Насчет смерти. Несмотря на грандиозные запои, из которых выползал со все большими потерями для здоровья, Сережа о смерти не помышлял. Просто не держал в уме. Смерть не входила в круг его интересов, размышлений и планов. Исключая последние три месяца жизни. Он мог говорить, что из следующего запоя не выкарабкается, он собирал и пристраивал свой литературный архив, но в глубине души и до мозга костей в смерть для себя не верил. Или запретил ее для себя даже в предположении. Часто прикидывал старость. Заботился ее обеспечить. К смерти, к мертвому у него была резкая эстетическая неприязнь. Мертвого — друга, приятеля, родственника — он сразу отметал. Как-то глумливо самоутверждался на смерти ровесников. Чужая смерть давала ему допинг на жизнь.

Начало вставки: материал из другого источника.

lemma susp_space_iff: "w \<in> susp_space N A l k b \<longleftrightarrow> (\<exists>p\<in>D. w = cls p)"
  by (auto simp: susp_space_def quotient_def)

lemma flow_add:
  assumes "w \<in> susp_space N A l k b" "0 \<le> s" "0 \<le> t"
  shows "flow s (flow t w) = flow (s + t) w"
proof -
  obtain p where "p \<in> D" "w = cls p" using assms(1) susp_space_iff by blast
  with assms(2,3) show ?thesis
    by (cases p) (simp add: flow_class_pair susp_dom_iff ac_simps)
qed

lemma flow_zero: "w \<in> susp_space N A l k b \<Longrightarrow> flow 0 w = w"
  using susp_space_iff flow_class_pair by (metis add_0_right order_refl surj_pair)

lemma flow_mult_period:
  assumes "w \<in> susp_space N A l k b" "0 \<le> T" "flow T w = w"
  shows "flow (real n * T) w = w"
proof (induction n)
  case (Suc n)
  then show ?case
    using flow_add[OF assms(1), of "real n * T" T] assms(2,3) by (simp add: algebra_simps)
qed (simp add: flow_zero[OF assms(1)])

definition flow_orbit :: "((nat \<Rightarrow> nat) \<times> real) set \<Rightarrow> ((nat \<Rightarrow> nat) \<times> real) set set" where
  "flow_orbit w = {flow t w | t. 0 \<le> t}"

lemma flow_orbit_flow:
  assumes "w \<in> susp_space N A l k b" "0 < T" "flow T w = w" "0 \<le> t"
  shows "flow_orbit (flow t w) = flow_orbit w"
proof
  show "flow_orbit (flow t w) \<subseteq> flow_orbit w"
    unfolding flow_orbit_def using assms(1,4) flow_add by auto
  show "flow_orbit w \<subseteq> flow_orbit (flow t w)"
  proof
    fix v assume "v \<in> flow_orbit w"
    then obtain s where s: "0 \<le> s" "v = flow s w" by (auto simp: flow_orbit_def)
    obtain n :: nat where n: "t \<le> real n * T"
      using reals_Archimedean3[OF assms(2)] by (meson less_imp_le)
    have "flow (s + real n * T - t) (flow t w) = flow s (flow (real n * T) w)"
      using flow_add[OF assms(1)] n s assms(2,4) by (simp add: flow_add)
    also have "\<dots> = v" using flow_mult_period[OF assms(1)] assms(2,3) s by simp
    finally show "v \<in> flow_orbit (flow t w)"
      unfolding flow_orbit_def using n s by force
  qed
qed

section \<open>Periodic orbits of the suspension flow\<close>

definition periodic_points :: "(nat \<Rightarrow> nat) set" where
  "periodic_points = {x \<in> XA N A. x \<in> orbit shift x}"

definition period_length :: "(nat \<Rightarrow> nat) \<Rightarrow> real" where
  "period_length x = birkhoff_sum shift c (least_period shift x) x"

definition base_height :: "(nat \<Rightarrow> nat) \<Rightarrow> real" where
  "base_height x = \<bar>b x\<bar> + iterate_bound (least_period shift x) x"

definition base_point :: "(nat \<Rightarrow> nat) \<Rightarrow> ((nat \<Rightarrow> nat) \<times> real) set" where
  "base_point x = cls (x, base_height x)"

lemma periodic_pointsD:
  assumes "x \<in> periodic_points"
  shows "x \<in> XA N A" "x \<in> orbit shift x" "(shift ^^ least_period shift x) x = x"
  using assms funpow_least_period by (auto simp: periodic_points_def)
lemma proper_admissible_iff: "pa I \<longleftrightarrow> I \<subseteq> {1..n} \<and> (\<forall>x\<in>I. \<theta> x \<notin> I)"
proof
  assume "pa I"
  then show "I \<subseteq> {1..n} \<and> (\<forall>x\<in>I. \<theta> x \<notin> I)"
    unfolding proper_admissible_def admissible_def by (auto simp: theta_in)
next
  assume I: "I \<subseteq> {1..n} \<and> (\<forall>x\<in>I. \<theta> x \<notin> I)"
  have "1 \<in> {1..n}" "\<theta> 1 \<in> {1..n}" using n_eq m_pos by (auto simp: theta_def)
  with I have "I \<noteq> {1..n}" by blast
  moreover have "I \<inter> \<theta> ` I = {}" using I by auto
  ultimately show "pa I"
    using I unfolding proper_admissible_def admissible_def by blast
qed

lemma proper_admissible_subset: "pa I \<Longrightarrow> J \<subseteq> I \<Longrightarrow> pa J"
  unfolding proper_admissible_iff by blast

lemma finite_subset_n: "I \<subseteq> {1..n} \<Longrightarrow> finite I"
  by (rule finite_subset) auto

lemma card_proper_admissible: assumes "pa I" shows "card I \<le> m"
proof -
  have I: "I \<subseteq> {1..n}" "\<forall>x\<in>I. \<theta> x \<notin> I" using assms proper_admissible_iff by auto
  then have "inj_on \<theta> I" by (metis inj_onI subsetD theta_theta)
  moreover have "finite I" using I finite_subset_n by blast
  ultimately have "card (I \<union> \<theta> ` I) = 2 * card I"
    using I by (subst card_Un_disjoint) (auto simp: card_image)
  moreover have "I \<union> \<theta> ` I \<subseteq> {1..n}" using I theta_in by auto
  then have "card (I \<union> \<theta> ` I) \<le> n" using card_mono[of "{1..n}"] by fastforce
  ultimately show ?thesis using n_eq by simp
qed

lemma proper_admissible_initial: "k \<le> m \<Longrightarrow> pa {1..k}"
  unfolding proper_admissible_iff using n_eq by (auto simp: theta_def)

lemma SR_partial_inj: "\<sigma> \<in> SR n \<Longrightarrow> dom \<sigma> \<subseteq> {1..n} \<and> ran \<sigma> \<subseteq> {1..n} \<and> inj_on \<sigma> (dom \<sigma>)"
  unfolding SR_def partial_inj_def by blast

lemma finite_dom_SR: "\<sigma> \<in> SR n \<Longrightarrow> finite (dom \<sigma>)"
  by (rule finite_subset_n) (use SR_partial_inj in blast)

lemma rk_inW: "inW n \<sigma> \<Longrightarrow> rk \<sigma> = n"
  by (auto simp: inW_def rk_def)

lemma SR_not_inW:
  assumes "\<sigma> \<in> SR n" "\<not> inW n \<sigma>"
  shows "pa (dom \<sigma>)" "pa (ran \<sigma>)" "rk \<sigma> \<le> m"
proof -
  show dom: "pa (dom \<sigma>)" and "pa (ran \<sigma>)" using assms by (simp_all add: SR_def)
  show "rk \<sigma> \<le> m" using card_proper_admissible[OF dom] by (simp add: rk_def)
qed

lemma inW_iff_rk: "\<sigma> \<in> SR n \<Longrightarrow> inW n \<sigma> \<longleftrightarrow> rk \<sigma> = n"
  by (cases "inW n \<sigma>") (use rk_inW[of \<sigma>] SR_not_inW(3)[of \<sigma>] n_eq m_pos in auto)
lemma pseudo_orthomodular_law_hs_HElem:
  assumes x: "x \<in> hs_carrier \<Lambda> P z t" and y: "HElem \<beta> b \<in> hs_carrier \<Lambda> P z t"
  shows "lower (hs_carrier \<Lambda> P z t) (hs_le le)
      (upper (hs_carrier \<Lambda> P z t) (hs_le le)
        (lower (hs_carrier \<Lambda> P z t) (hs_le le) {x, HElem \<beta> b} \<union> {hs_comp c (HElem \<beta> b)})
       \<union> {HElem \<beta> b})
    = lower (hs_carrier \<Lambda> P z t) (hs_le le) {x, HElem \<beta> b}"
proof -
  have b: "\<beta> \<in> \<Lambda>" "b \<in> P \<beta>" "b \<noteq> z \<beta>" "b \<noteq> t \<beta>"
    using y by (simp_all add: HElem_in_hs_carrier_iff)
  note bounded = summands_bounded_of_pseudo_orthomodular
  interpret poset_with_complementation_on "P \<beta>" "le \<beta>" "c \<beta>" "z \<beta>" "t \<beta>"
    using summand_complemented[OF summands_complemented_of_pseudo_orthomodular b(1)] .
  have law: "\<And>u. u \<in> P \<beta> \<Longrightarrow> lower (P \<beta>) (le \<beta>)
      (upper (P \<beta>) (le \<beta>) (lower (P \<beta>) (le \<beta>) {u, b} \<union> {c \<beta> b}) \<union> {b})
      = lower (P \<beta>) (le \<beta>) {u, b}"
    using summands_pseudo_orthomodular b(1,2) unfolding pseudo_orthomodular_def by blast
  have cb: "c \<beta> b \<in> P \<beta>" "c \<beta> b \<noteq> z \<beta>" "c \<beta> b \<noteq> t \<beta>"
    using compl_in compl_proper b(2-4) by simp_all
  obtain x' where x': "x' \<in> P \<beta>"
    "lower (hs_carrier \<Lambda> P z t) (hs_le le) {x, HElem \<beta> b}
      = lower (hs_carrier \<Lambda> P z t) (hs_le le) {hs_incl \<beta> z t x', HElem \<beta> b}"
    using lower_pair_from_summand[OF bounded x b] .
  define Lb where "Lb = lower (P \<beta>) (le \<beta>) {x', b}"
  define Ub where "Ub = upper (P \<beta>) (le \<beta>) (Lb \<union> {c \<beta> b})"
  have "lower (hs_carrier \<Lambda> P z t) (hs_le le) {x, HElem \<beta> b} = hs_incl \<beta> z t ` Lb"
    using x' b lower_hs_incl[OF bounded b(1), of "{x', b}" b] unfolding Lb_def by simp
  moreover have "upper (hs_carrier \<Lambda> P z t) (hs_le le) (hs_incl \<beta> z t ` Lb \<union> {hs_comp c (HElem \<beta> b)})
      = hs_incl \<beta> z t ` Ub"
    using cb upper_hs_incl[OF bounded b(1), of "Lb \<union> {c \<beta> b}" "c \<beta> b"]
    unfolding Ub_def Lb_def lower_def by simp
  moreover have "lower (hs_carrier \<Lambda> P z t) (hs_le le) (hs_incl \<beta> z t ` Ub \<union> {HElem \<beta> b})
      = hs_incl \<beta> z t ` lower (P \<beta>) (le \<beta>) (Ub \<union> {b})"
    using b lower_hs_incl[OF bounded b(1), of "Ub \<union> {b}" b] unfolding Ub_def upper_def by simp
  moreover have "lower (P \<beta>) (le \<beta>) (Ub \<union> {b}) = Lb"
    using law[OF x'(1)] unfolding Ub_def Lb_def .
  ultimately show ?thesis by simp
qed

Неизвестный Довлатов: в Нью-Йорке растерялся и хотел стать швейцаром

Улица Довлатова появилась в Нью-Йорке.

Сережа был фанатом — и в работе, и в жизни — настоящего протяженного. Отсюда — выпуклый, животрепещущий сюр его рассказов. В жизнь это вносило привкус сиюминутной вечности. Довлатов принадлежал к числу тех жизнеодержимых людей, которые, взглянув на старинную картину, гравюру или фотографию с людьми, тут же воскликнут: все — мертвецы.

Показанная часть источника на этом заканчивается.